*** INPUT RECORDS ***

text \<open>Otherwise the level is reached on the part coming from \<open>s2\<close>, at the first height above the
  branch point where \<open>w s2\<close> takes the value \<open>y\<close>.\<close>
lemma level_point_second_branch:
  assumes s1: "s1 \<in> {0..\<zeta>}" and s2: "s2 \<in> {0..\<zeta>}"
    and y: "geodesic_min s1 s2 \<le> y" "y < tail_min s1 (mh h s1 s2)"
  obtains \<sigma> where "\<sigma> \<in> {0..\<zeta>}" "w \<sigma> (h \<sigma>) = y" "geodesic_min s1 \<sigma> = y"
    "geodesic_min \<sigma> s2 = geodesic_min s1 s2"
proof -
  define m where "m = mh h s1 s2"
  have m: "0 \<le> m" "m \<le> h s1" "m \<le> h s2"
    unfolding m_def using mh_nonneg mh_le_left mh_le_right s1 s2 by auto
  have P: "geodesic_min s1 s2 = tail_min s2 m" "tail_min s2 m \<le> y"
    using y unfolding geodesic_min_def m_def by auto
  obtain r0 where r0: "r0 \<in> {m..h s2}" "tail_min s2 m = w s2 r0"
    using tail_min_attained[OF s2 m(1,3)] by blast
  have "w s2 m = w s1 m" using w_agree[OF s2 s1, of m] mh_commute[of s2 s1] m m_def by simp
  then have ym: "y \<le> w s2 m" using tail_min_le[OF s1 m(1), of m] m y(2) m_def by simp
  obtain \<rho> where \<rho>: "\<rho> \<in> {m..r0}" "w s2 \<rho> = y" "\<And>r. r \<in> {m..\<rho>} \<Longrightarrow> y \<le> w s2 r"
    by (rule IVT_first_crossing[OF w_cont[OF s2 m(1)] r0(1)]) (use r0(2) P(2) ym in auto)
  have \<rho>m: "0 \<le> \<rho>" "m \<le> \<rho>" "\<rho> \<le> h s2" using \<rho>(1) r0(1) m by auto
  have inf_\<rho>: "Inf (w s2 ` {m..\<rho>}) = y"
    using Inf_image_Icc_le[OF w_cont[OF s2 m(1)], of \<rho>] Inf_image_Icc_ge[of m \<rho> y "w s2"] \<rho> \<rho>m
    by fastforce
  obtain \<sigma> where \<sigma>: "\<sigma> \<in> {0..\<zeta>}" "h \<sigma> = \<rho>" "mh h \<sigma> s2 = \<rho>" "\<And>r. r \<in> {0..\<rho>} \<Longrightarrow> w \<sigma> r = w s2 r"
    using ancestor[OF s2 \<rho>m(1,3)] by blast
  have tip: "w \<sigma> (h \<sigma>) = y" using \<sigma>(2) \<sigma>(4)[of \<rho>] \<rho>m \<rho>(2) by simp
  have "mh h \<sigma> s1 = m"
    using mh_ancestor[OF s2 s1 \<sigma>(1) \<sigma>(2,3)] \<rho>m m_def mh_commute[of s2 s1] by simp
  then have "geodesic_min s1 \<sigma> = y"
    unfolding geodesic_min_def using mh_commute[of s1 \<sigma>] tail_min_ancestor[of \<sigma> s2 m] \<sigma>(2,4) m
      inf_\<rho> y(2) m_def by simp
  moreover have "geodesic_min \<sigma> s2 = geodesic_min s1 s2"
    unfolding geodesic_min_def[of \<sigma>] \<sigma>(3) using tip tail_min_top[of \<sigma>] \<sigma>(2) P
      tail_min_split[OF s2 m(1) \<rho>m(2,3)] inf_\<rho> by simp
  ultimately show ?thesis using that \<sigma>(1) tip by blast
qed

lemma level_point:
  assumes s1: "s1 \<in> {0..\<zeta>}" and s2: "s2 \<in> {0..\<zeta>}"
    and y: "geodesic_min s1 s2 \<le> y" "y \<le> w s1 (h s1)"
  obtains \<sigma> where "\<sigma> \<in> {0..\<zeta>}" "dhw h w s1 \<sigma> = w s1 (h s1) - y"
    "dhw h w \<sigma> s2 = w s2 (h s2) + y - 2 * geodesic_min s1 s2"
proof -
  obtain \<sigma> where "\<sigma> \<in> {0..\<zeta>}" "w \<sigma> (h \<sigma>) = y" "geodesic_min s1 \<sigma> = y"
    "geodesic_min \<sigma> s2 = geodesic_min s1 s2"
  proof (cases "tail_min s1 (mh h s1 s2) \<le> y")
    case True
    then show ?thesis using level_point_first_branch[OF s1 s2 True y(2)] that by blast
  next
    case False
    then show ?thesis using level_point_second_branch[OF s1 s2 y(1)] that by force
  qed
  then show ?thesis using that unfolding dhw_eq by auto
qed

*** End of INPUT RECORDS ***
*** INPUT RECORDS ***

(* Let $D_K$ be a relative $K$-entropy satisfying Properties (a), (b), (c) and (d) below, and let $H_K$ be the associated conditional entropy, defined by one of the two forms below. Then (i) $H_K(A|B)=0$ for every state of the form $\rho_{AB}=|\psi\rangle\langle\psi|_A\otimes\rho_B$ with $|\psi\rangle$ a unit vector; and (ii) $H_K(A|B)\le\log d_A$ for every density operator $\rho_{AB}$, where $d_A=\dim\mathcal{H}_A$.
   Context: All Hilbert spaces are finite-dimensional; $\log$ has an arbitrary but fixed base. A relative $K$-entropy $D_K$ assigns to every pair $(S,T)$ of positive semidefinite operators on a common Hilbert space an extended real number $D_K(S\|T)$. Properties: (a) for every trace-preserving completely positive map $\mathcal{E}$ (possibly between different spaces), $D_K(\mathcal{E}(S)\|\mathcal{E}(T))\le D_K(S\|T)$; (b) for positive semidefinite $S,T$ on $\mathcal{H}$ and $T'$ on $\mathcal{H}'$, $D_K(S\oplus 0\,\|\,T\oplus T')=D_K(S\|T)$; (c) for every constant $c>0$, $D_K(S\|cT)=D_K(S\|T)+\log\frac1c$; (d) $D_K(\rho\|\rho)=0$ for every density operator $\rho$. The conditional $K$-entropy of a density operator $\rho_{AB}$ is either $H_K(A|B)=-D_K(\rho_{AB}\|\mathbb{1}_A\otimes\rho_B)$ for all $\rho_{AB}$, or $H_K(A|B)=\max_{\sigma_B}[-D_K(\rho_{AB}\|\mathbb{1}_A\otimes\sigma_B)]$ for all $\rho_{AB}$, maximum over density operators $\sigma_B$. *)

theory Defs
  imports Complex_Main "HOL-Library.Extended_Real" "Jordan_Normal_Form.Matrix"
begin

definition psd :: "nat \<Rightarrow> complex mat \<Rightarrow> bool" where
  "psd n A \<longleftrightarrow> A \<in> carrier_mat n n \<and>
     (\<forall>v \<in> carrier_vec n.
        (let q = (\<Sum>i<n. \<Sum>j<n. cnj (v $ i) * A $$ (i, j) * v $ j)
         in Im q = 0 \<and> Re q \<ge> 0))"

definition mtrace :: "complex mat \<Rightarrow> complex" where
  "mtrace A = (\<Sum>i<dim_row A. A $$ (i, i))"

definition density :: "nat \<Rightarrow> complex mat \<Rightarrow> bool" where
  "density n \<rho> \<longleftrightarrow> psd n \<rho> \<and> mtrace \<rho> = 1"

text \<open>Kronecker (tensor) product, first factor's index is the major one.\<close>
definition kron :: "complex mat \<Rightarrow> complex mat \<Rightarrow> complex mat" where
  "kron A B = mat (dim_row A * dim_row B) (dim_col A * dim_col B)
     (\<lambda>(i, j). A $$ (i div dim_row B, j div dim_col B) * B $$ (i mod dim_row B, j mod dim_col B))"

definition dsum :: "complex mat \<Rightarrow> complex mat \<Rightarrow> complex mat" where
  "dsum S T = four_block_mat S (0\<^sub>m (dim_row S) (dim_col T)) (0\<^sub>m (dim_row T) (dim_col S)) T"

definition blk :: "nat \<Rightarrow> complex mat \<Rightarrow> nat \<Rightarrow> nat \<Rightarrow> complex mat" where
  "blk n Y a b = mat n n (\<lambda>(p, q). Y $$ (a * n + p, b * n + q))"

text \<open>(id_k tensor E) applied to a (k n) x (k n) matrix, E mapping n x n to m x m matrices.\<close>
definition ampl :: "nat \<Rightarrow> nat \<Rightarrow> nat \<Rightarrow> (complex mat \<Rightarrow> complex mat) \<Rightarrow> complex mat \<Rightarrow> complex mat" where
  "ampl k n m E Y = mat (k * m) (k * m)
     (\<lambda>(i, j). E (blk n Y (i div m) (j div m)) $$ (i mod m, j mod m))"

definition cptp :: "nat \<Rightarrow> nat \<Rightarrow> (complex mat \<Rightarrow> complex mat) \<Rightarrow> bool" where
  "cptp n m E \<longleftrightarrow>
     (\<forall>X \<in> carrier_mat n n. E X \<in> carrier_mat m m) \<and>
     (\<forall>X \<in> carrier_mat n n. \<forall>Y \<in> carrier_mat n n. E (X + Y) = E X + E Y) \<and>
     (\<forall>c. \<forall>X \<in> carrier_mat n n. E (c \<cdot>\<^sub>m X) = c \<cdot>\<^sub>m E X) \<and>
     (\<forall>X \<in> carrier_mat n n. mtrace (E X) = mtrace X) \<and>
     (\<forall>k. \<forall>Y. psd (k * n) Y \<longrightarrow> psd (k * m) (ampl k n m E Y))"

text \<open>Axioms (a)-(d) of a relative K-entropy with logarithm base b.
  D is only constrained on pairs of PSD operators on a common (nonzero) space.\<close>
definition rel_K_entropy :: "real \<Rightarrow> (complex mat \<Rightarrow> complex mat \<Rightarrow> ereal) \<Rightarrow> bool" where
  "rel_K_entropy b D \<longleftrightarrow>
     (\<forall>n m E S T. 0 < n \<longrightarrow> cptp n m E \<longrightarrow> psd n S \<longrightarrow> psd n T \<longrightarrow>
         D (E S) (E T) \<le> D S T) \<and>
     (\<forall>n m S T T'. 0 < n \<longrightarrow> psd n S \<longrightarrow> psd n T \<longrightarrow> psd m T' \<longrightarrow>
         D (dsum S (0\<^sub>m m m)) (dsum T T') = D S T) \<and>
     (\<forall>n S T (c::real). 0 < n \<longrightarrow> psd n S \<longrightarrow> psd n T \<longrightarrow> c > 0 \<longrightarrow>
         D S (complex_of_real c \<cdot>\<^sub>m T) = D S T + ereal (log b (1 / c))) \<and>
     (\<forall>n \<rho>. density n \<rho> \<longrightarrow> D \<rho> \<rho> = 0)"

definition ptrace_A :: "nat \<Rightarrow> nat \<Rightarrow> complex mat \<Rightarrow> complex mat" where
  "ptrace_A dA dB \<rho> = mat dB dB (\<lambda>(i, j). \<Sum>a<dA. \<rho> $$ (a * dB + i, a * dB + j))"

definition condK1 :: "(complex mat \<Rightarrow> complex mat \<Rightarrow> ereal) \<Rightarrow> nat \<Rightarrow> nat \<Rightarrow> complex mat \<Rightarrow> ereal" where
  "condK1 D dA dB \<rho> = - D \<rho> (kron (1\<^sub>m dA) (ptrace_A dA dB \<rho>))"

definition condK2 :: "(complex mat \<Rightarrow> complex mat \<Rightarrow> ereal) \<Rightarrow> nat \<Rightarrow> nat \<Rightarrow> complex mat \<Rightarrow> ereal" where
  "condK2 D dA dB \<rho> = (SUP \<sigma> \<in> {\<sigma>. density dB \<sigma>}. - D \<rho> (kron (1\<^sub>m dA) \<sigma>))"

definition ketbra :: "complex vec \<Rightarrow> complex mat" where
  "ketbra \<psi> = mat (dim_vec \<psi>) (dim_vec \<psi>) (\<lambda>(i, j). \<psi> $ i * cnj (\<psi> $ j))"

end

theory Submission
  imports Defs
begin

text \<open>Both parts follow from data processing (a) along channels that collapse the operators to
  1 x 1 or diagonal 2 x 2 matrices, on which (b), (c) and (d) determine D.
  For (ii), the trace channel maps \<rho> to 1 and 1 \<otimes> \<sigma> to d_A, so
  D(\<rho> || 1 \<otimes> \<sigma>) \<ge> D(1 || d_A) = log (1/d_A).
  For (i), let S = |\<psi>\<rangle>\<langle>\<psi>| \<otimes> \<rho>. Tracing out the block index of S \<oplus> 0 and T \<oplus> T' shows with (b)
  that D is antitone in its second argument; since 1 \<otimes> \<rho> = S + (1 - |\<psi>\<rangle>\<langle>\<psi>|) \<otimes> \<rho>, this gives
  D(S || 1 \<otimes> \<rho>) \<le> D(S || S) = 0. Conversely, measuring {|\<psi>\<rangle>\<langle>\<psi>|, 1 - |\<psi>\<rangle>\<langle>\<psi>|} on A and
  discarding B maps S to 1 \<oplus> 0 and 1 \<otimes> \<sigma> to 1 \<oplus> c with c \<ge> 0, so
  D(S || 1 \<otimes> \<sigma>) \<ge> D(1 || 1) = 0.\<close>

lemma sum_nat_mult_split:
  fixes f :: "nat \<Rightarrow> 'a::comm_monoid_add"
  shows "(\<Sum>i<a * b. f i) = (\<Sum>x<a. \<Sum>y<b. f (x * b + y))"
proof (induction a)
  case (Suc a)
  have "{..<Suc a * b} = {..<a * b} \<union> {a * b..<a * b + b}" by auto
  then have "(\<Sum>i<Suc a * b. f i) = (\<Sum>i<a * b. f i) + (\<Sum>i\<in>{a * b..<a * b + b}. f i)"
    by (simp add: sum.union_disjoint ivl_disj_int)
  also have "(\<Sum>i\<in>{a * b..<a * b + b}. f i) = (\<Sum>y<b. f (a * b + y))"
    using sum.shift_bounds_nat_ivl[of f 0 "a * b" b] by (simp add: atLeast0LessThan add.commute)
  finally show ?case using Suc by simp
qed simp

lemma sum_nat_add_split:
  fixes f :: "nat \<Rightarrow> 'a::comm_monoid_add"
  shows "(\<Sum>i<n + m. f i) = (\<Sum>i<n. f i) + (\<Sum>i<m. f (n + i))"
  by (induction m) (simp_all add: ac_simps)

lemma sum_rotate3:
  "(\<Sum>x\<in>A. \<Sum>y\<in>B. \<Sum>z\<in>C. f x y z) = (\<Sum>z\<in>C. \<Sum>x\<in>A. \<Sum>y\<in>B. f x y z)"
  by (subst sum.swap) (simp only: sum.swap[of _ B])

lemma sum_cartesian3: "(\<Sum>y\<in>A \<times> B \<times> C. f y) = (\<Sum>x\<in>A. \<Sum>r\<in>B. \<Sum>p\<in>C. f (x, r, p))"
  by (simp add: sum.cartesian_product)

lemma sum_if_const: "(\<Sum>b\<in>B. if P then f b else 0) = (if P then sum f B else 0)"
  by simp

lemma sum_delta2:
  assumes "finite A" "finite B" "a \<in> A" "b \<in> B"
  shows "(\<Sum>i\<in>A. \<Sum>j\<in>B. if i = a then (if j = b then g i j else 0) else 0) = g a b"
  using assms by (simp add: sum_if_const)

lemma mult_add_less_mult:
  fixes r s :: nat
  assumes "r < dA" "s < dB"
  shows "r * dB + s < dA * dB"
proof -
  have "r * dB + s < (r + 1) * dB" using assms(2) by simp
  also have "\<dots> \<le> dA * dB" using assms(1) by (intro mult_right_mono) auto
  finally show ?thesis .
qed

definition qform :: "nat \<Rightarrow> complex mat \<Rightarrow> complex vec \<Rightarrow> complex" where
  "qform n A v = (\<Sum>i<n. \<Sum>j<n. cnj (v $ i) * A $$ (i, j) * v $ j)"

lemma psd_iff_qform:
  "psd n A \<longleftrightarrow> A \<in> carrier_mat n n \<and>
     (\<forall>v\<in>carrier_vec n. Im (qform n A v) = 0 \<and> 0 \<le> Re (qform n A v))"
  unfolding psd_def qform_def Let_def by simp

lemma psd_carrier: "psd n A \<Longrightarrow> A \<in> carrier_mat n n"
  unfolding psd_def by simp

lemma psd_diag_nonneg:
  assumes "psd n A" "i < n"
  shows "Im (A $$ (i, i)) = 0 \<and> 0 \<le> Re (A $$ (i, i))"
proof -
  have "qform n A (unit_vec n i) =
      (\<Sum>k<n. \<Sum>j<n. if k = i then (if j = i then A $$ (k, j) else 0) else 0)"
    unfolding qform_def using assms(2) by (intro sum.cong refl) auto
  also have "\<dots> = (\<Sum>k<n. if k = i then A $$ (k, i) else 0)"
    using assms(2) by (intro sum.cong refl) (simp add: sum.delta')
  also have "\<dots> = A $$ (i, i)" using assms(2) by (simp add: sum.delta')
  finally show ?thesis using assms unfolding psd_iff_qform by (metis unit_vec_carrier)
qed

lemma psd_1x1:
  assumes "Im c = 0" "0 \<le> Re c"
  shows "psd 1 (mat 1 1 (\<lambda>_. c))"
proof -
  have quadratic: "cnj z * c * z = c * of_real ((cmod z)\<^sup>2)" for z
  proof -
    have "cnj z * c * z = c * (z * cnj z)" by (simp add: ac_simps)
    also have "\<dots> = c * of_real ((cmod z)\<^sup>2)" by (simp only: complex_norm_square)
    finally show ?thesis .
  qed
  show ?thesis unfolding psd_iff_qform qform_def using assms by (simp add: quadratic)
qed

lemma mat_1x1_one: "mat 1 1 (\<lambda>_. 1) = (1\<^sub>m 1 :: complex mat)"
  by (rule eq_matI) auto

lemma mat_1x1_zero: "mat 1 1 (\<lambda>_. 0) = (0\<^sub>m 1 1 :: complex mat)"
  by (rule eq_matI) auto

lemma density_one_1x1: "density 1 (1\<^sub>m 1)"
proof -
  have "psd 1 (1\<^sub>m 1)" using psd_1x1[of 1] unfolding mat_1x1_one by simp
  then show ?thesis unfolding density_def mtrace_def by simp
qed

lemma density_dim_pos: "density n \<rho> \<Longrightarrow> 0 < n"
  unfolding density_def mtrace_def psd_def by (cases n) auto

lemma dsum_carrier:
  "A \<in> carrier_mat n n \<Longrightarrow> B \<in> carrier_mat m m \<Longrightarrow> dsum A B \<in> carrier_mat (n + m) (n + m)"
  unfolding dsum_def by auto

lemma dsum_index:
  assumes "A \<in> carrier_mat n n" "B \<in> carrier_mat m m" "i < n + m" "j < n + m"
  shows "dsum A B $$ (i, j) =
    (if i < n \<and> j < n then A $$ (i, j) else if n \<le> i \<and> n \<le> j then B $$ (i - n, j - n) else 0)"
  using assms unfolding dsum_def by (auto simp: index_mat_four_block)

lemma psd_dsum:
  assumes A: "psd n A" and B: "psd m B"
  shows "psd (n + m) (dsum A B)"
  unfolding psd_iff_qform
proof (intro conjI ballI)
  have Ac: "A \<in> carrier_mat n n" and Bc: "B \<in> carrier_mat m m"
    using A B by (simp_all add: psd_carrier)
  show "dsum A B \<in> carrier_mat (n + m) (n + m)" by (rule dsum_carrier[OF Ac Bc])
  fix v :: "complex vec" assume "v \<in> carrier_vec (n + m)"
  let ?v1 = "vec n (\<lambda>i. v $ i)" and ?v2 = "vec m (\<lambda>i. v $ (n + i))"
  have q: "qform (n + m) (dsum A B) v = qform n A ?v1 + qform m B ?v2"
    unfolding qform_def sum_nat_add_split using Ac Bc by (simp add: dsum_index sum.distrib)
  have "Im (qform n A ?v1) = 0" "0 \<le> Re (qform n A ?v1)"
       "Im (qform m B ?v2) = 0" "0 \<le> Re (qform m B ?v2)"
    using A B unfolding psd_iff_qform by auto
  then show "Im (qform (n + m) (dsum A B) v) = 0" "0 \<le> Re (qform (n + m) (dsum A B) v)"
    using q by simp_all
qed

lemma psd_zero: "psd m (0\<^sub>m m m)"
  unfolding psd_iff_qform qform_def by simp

*** End of INPUT RECORDS ***
*** INPUT RECORDS ***

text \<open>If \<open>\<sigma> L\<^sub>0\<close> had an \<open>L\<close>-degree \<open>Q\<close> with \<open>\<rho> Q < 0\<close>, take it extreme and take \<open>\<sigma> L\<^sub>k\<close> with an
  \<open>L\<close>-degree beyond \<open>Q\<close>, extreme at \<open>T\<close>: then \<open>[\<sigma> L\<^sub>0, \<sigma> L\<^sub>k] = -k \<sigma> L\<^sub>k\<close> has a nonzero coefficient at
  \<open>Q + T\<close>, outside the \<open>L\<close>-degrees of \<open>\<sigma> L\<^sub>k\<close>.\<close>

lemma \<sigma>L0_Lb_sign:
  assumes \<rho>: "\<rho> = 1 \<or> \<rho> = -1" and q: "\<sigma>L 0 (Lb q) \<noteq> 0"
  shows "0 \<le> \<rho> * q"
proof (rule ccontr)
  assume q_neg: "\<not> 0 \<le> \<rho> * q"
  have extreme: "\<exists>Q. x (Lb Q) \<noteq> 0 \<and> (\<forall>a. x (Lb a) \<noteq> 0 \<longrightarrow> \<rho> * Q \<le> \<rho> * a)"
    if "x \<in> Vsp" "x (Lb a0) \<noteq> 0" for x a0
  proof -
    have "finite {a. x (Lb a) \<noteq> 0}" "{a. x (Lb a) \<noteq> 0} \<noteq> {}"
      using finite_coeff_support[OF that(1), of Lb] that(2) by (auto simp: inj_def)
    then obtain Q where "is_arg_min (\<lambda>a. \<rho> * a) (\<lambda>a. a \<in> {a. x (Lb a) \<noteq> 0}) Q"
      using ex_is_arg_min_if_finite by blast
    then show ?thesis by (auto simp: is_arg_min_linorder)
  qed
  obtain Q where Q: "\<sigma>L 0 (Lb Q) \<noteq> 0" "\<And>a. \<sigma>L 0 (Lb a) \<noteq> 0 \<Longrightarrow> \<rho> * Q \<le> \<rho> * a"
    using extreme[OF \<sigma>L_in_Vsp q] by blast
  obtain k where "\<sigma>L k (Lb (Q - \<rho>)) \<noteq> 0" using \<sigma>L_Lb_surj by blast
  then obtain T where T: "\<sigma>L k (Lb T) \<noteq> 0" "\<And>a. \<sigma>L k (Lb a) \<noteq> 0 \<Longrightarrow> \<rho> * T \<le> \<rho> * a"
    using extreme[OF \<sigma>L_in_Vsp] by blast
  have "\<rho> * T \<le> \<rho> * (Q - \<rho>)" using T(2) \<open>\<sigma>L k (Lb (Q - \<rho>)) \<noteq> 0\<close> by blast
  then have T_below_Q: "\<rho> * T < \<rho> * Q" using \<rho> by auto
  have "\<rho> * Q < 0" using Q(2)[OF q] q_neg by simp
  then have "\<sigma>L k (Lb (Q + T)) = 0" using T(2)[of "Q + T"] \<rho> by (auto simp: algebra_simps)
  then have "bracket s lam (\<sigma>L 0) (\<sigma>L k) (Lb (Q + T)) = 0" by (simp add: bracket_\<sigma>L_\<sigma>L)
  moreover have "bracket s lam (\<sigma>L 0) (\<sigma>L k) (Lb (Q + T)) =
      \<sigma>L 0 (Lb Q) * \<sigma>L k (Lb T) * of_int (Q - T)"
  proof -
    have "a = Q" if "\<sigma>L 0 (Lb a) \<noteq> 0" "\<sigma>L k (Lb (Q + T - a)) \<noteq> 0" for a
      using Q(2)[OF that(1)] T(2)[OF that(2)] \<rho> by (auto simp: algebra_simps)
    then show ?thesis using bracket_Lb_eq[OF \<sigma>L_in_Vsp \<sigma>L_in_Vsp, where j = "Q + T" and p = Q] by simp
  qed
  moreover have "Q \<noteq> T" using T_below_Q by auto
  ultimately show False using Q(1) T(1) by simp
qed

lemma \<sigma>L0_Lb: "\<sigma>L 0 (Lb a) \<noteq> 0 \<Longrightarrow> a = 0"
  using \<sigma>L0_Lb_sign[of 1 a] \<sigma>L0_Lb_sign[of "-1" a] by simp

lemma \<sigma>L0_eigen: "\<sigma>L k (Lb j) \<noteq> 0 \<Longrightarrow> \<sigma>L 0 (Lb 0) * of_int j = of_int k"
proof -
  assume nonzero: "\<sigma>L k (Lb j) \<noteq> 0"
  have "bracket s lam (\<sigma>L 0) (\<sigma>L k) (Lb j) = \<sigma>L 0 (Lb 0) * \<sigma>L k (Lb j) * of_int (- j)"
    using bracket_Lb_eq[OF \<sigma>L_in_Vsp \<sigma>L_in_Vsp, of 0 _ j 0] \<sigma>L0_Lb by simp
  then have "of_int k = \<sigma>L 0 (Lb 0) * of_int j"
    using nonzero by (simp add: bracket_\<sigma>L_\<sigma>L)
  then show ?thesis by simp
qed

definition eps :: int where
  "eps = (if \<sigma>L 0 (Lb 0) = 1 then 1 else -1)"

*** End of INPUT RECORDS ***

From the entries above, copy every line containing the word "bool".

EXPECTED ANSWER:
definition psd :: "nat \<Rightarrow> complex mat \<Rightarrow> bool" where
definition density :: "nat \<Rightarrow> complex mat \<Rightarrow> bool" where
definition cptp :: "nat \<Rightarrow> nat \<Rightarrow> (complex mat \<Rightarrow> complex mat) \<Rightarrow> bool" where
definition rel_K_entropy :: "real \<Rightarrow> (complex mat \<Rightarrow> complex mat \<Rightarrow> ereal) \<Rightarrow> bool" where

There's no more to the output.